Секс расслабляет, но не даёт покоя.
Раньше я был хороший, теперь скажи, какой я?
И насколько аморален
В этом мире безупречном, чистом и правильном?
читать дальшеГвендаллин взглянула в небо. Серое, тяжёлое, пасмурное. Проливной дождь был бы сейчас почти_спасением; резкий порыв прохладного ветра прямо в лицо - отрезвил бы. Но воздух был тёплый, погода - душной, а тучи казались каким-то издевательством. Напоминанием о том, что всё в своей жизни она получает только наполовину.
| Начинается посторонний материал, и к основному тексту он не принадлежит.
(* Let $H=\sum_{i,j=1}^n\left(\tfrac12\mu_{ij}p_ip_j+\tfrac12\kappa_{ij}q_iq_j+\tfrac12\gamma_{ij}p_iq_j+\tfrac12\gamma_{ji}q_ip_j\right)$, where $\mu,\kappa$ are real symmetric $n\times n$ matrices, $\gamma$ is a real $n\times n$ matrix, and $q_i,p_i$ are Hermitian operators with $[p_i,q_j]=-i\delta_{ij}$, $[p_i,p_j]=[q_i,q_j]=0$. Then $H$ is Dirac diagonalizable if and only if its dynamic matrix $D=\Sigma_yM$ is physically diagonalizable.
   Context: $M=\begin{pmatrix}\mu&\gamma\\ \gamma^T&\kappa\end{pmatrix}$ and $\Sigma_y=\begin{pmatrix}0&-iI_n\\ iI_n&0\end{pmatrix}$; with $\phi=(p_1,\dots,p_n,q_1,\dots,q_n)^T$ one has $H=\tfrac12\phi^\dagger M\phi$ and $[\phi_\mu,H]=\sum_\nu D_{\mu\nu}\phi_\nu$. $H$ is Dirac diagonalizable if there exist operators $d_1,\dots,d_n$, each a complex linear combination of $p_1,\dots,p_n,q_1,\dots,q_n$, satisfying $[d_i,d_j^\dagger]=\delta_{ij}$, $[d_i,d_j]=0$, and real numbers $\omega_1,\dots,\omega_n,C$ such that $H=\sum_i\omega_id_i^\dagger d_i+C$. A matrix is physically diagonalizable if it is diagonalizable over $\mathbb{C}$ and all its eigenvalues are real. *)

theory Defs
  imports "HOL-Analysis.Analysis"
begin
(* For an integer $m\ge0$ let $\mathbf{S}_m=\{1,\dots,m\}^2$, and let $A_{\mathbf{S}}(m,k)$ be the number of $k$-element subsets of $\mathbf{S}_m$ such that no two distinct elements $(i,j),(i',j')$ satisfy $i=i'$ or $i-j=i'-j'$. For integers $k\ge0$ and $0\le d\le 2k$ define $$c_d(k)=\sum_{i=d}^{2k}\frac{(-1)^{i-d}}{i!}\left[{i\atop d}\right]\sum_{j=0}^{U(i,k)}\alpha(k,j)\sum_{p=L(i,k)}^{k-j}\left\{\!\!\left\{ {p+k-j \atop p}\right\}\!\!\right\}\sum_{b=0}^{j}\binom{p}{b}\binom{k}{j-b}\binom{b}{k+p-i},$$ where $\alpha(k,j)=2^{k-2j}\left[\binom{k-j}{j-1}+\binom{k-j+1}{j}\right]j!$, $U(i,k)=\min(\lceil k/2\rceil,2k-i)$ and $L(i,k)=\max(0,i-k)$. Then for all integers $m,k\ge0$, $A_{\mathbf{S}}(m,k)=\sum_{d=0}^{2k}c_d(k)\,m^d$.
   Context: $\left[{i\atop d}\right]$ is the unsigned Stirling number of the first kind. $\left\{\!\!\left\{ {n \atop r}\right\}\!\!\right\}$ is the associated Stirling number of the second kind, defined for integers $n,r\ge0$ by $\left\{\!\!\left\{ {n \atop r}\right\}\!\!\right\}=r\left\{\!\!\left\{ {n-1 \atop r}\right\}\!\!\right\}+(n-1)\left\{\!\!\left\{ {n-2 \atop r-1}\right\}\!\!\right\}$ with $\left\{\!\!\left\{ {0 \atop r}\right\}\!\!\right\}=\delta_{r0}$, $\left\{\!\!\left\{ {1 \atop r}\right\}\!\!\right\}=0$, $\left\{\!\!\left\{ {n \atop 0}\right\}\!\!\right\}=\delta_{n0}$ (number of partitions of an $n$-set into $r$ blocks each of size at least 2). Binomial coefficients are extended to all integers (Kronenburg's convention): $\binom{n}{r}=n(n-1)\cdots(n-r+1)/r!$ if $r\ge0$; $\binom{n}{r}=(-1)^{n-r}\binom{-r-1}{n-r}$ if $r\le n<0$; $0$ otherwise (in particular $\binom{n}{r}=0$ for $n\ge0$, $r<0$). *)

theory Defs
  imports Complex_Main "HOL-Combinatorics.Stirling"
begin

text \<open>Associated Stirling numbers of the second kind (blocks of size at least 2).\<close>
fun assoc_stirling :: "nat \<Rightarrow> nat \<Rightarrow> nat" where
  "assoc_stirling 0 r = (if r = 0 then 1 else 0)"
| "assoc_stirling (Suc 0) r = 0"
| "assoc_stirling (Suc (Suc n)) 0 = 0"
| "assoc_stirling (Suc (Suc n)) (Suc r) =
     Suc r * assoc_stirling (Suc n) (Suc r) + Suc n * assoc_stirling n r"
(* Let $n\ge 5$ and $0\le p\le n-2$. Then every simplicial $p$-cycle $c$ (with integer coefficients) in $\Delta_n$ is homologous in $\Delta_n$ to a $p$-cycle $\tilde c$ all of whose simplices lie in $\partial(\Delta_n)$.
   Context: $\mathbb{I}_n$ is the $n$-dimensional hypercube graph on vertex set $\{0,1\}^n$ (adjacent iff differing in exactly one coordinate), with Hamming distance $d(v,w)=\#\{i: v(i)\ne w(i)\}$, $v(i)$ the $i$-th coordinate. $\Delta_n=\mathcal{VR}(\mathbb{I}_n;3)$ is the simplicial complex whose simplices are the subsets $\sigma\subseteq\{0,1\}^n$ with $d(x,y)\le 3$ for all $x,y\in\sigma$. For $i\in[n]$ and $\epsilon\in\{0,1\}$, $\mathbb{I}_n^{(i,\epsilon)}$ is the induced subgraph on $\{v: v(i)=\epsilon\}$ (isomorphic to $\mathbb{I}_{n-1}$), and $\partial(\Delta_n)=\bigcup_{i\in[n],\,\epsilon\in\{0,1\}}\mathcal{VR}(\mathbb{I}_n^{(i,\epsilon)};3)$, i.e. the subcomplex of simplices that do not cover all places (a simplex covers all places if for every $i$ it contains vertices with $i$-th coordinates $0$ and $1$). *)

theory Defs
  imports Main
begin

definition cube_vertices :: "nat \<Rightarrow> bool list set" where
  "cube_vertices n = {v. length v = n}"

definition hamming :: "bool list \<Rightarrow> bool list \<Rightarrow> nat" where
  "hamming v w = card {i. i < length v \<and> v ! i \<noteq> w ! i}"

(* Delta_n = VR(I_n; 3): nonempty vertex sets of pairwise Hamming distance <= 3 *)
definition Delta :: "nat \<Rightarrow> bool list set set" where
  "Delta n = {\<sigma>. \<sigma> \<noteq> {} \<and> \<sigma> \<subseteq> cube_vertices n \<and>
                   (\<forall>x\<in>\<sigma>. \<forall>y\<in>\<sigma>. hamming x y \<le> 3)}"

(* boundary subcomplex: union of VR(I_n^(i,e);3) *)
definition partial_Delta :: "nat \<Rightarrow> bool list set set" where
  "partial_Delta n = {\<sigma> \<in> Delta n. \<exists>i<n. \<exists>e. \<forall>v\<in>\<sigma>. v ! i = e}"

(* fixed total order on vertices (lexicographic, False < True), used to orient simplices *)
definition vless :: "bool list \<Rightarrow> bool list \<Rightarrow> bool" where
  "vless v w = (\<exists>i<length v. (\<forall>j<i. v ! j = w ! j) \<and> \<not> v ! i \<and> w ! i)"

(* simplicial p-chains with integer coefficients in complex K:
   finitely supported functions on p-simplices (sets of p+1 vertices) of K,
   each simplex oriented by the vertex order vless *)
definition is_chain :: "bool list set set \<Rightarrow> nat \<Rightarrow> (bool list set \<Rightarrow> int) \<Rightarrow> bool" where
  "is_chain K p c = (finite {\<sigma>. c \<sigma> \<noteq> 0} \<and>
      (\<forall>\<sigma>. c \<sigma> \<noteq> 0 \<longrightarrow> \<sigma> \<in> K \<and> card \<sigma> = p + 1))"

(* simplicial boundary: d[v_0<...<v_q] = sum_i (-1)^i [v_0,..,^v_i,..,v_q]; zero on 0-chains *)
definition bd :: "(bool list set \<Rightarrow> int) \<Rightarrow> bool list set \<Rightarrow> int" where
  "bd c \<tau> = (if \<tau> = {} then 0 else
     (\<Sum>\<sigma>\<in>{\<sigma>. c \<sigma> \<noteq> 0}.
        if \<tau> \<subseteq> \<sigma> \<and> finite \<sigma> \<and> card \<sigma> = card \<tau> + 1
        then (-1) ^ card {w\<in>\<sigma>. vless w (the_elem (\<sigma> - \<tau>))} * c \<sigma>
        else 0))"

definition is_cycle :: "bool list set set \<Rightarrow> nat \<Rightarrow> (bool list set \<Rightarrow> int) \<Rightarrow> bool" where
  "is_cycle K p c = (is_chain K p c \<and> bd c = (\<lambda>_. 0))"

definition homologous :: "bool list set set \<Rightarrow> nat \<Rightarrow> (bool list set \<Rightarrow> int) \<Rightarrow> (bool list set \<Rightarrow> int) \<Rightarrow> bool" where
  "homologous K p c c' = (\<exists>d. is_chain K (p + 1) d \<and> (\<forall>\<tau>. c \<tau> - c' \<tau> = bd d \<tau>))"

end

theory Submission
  imports Defs
begin

text \<open>A simplex \<open>\<sigma>\<close> of a cycle that covers all places is coned off by a new vertex \<open>w\<close> such
  that every facet of \<open>\<sigma> \<union> {w}\<close> other than \<open>\<sigma>\<close> lies in a coordinate hyperplane; subtracting the
  boundary of the signed sum of these cones removes all covering simplices and creates none.

  To find \<open>w\<close>, record each vertex of \<open>\<sigma>\<close> as the set of coordinates where it differs from a
  fixed vertex \<open>x\<close>. Since \<open>\<sigma>\<close> has at most \<open>n - 1\<close> vertices, covering all \<open>n\<close> coordinates
  with pairwise distances at most 3 forces a rigid shape: a largest set \<open>A\<close> has three elements,
  every other nonempty set is a private coordinate together with a nonempty proper part of \<open>A\<close>,
  and these parts form a chain. So some \<open>a \<in> A\<close> lies in all nonempty sets and some \<open>c \<in> A\<close> in
  none of the others, and \<open>w\<close> is \<open>x\<close> with coordinate \<open>a\<close> flipped: the facet opposite \<open>x\<close> is
  constant in coordinate \<open>a\<close>, the one opposite the vertex recorded as \<open>A\<close> in \<open>c\<close>, and any other one in the private
  coordinate of the removed vertex.\<close>

section \<open>Oriented simplicial chains\<close>

lemma vless_irrefl: "\<not> vless v v"
  unfolding vless_def by auto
Вот тебе тучи, но никакого дождя. Вот тебе секс, но никакой любви. Даже рассмеяться хотелось. Громко рассмеяться прямо в это затянутое тучами небо. На, посмотри, что сделал со мной твой подарок.На, посмотри на меня, Вселенная, я почти_сломана. Почти?..
Смеха не было. Не получился. Вместо него горло и грудную клетку разодрал громкий кашель. Вместо смеха был кашель, который согнул Гвендаллин пополам.
Она не могла быть такой сильной, как хотелось бы. Такой сильной, как надо бы. Не могла рассмеяться в небо, не могла справиться с приступом кашля, не могла подавить слезы, выступившие на глазах.
Это состояние можно было хотя бы донести до дома. С ним можно было идти по улице, Гвендаллин была уверена в этом. Но, казалось, что мир рухнул прямо здесь и сейчас, и из-под руин никак не выбраться.
А когда рушится мир, разве имеет значение, где рухнется она сама?
Сидя на корточках и прикрывая лицо руками, Гвендаллин рыдала в голос, мысленно избегая осмысления своего состояния. Тоска скрутилась в болезненный жгут в районе солнечного сплетения. Мироощущение откличилось полностью, и то, что происходило вокруг неё, сейчас было совсем не важно.
Не было ни неба в насмешливых тучах, ни шумного города вокруг, ни двери подъезда, из которой она только что вышла. Была только тоска, сковывающая тело. Мешающая ретироваться с места преступления. Были только слёзы, стекающие с лица чёрными разводами от яркого макияжа. Были только вздрагивающие от каждого всхлипа плечи, обтянутые кожаной курткой.
По-честному, Гвендаллин больная истеричка. Деффектная психопатка. Нарывающий прыщ на идеальном лице общества. Она ненавидела себя за такие состояния, но ничего не могла с ними поделать. Ненависть благодаря этому лишь увеличивалась в сто крат, застревала комом в горле, который мешал дышать.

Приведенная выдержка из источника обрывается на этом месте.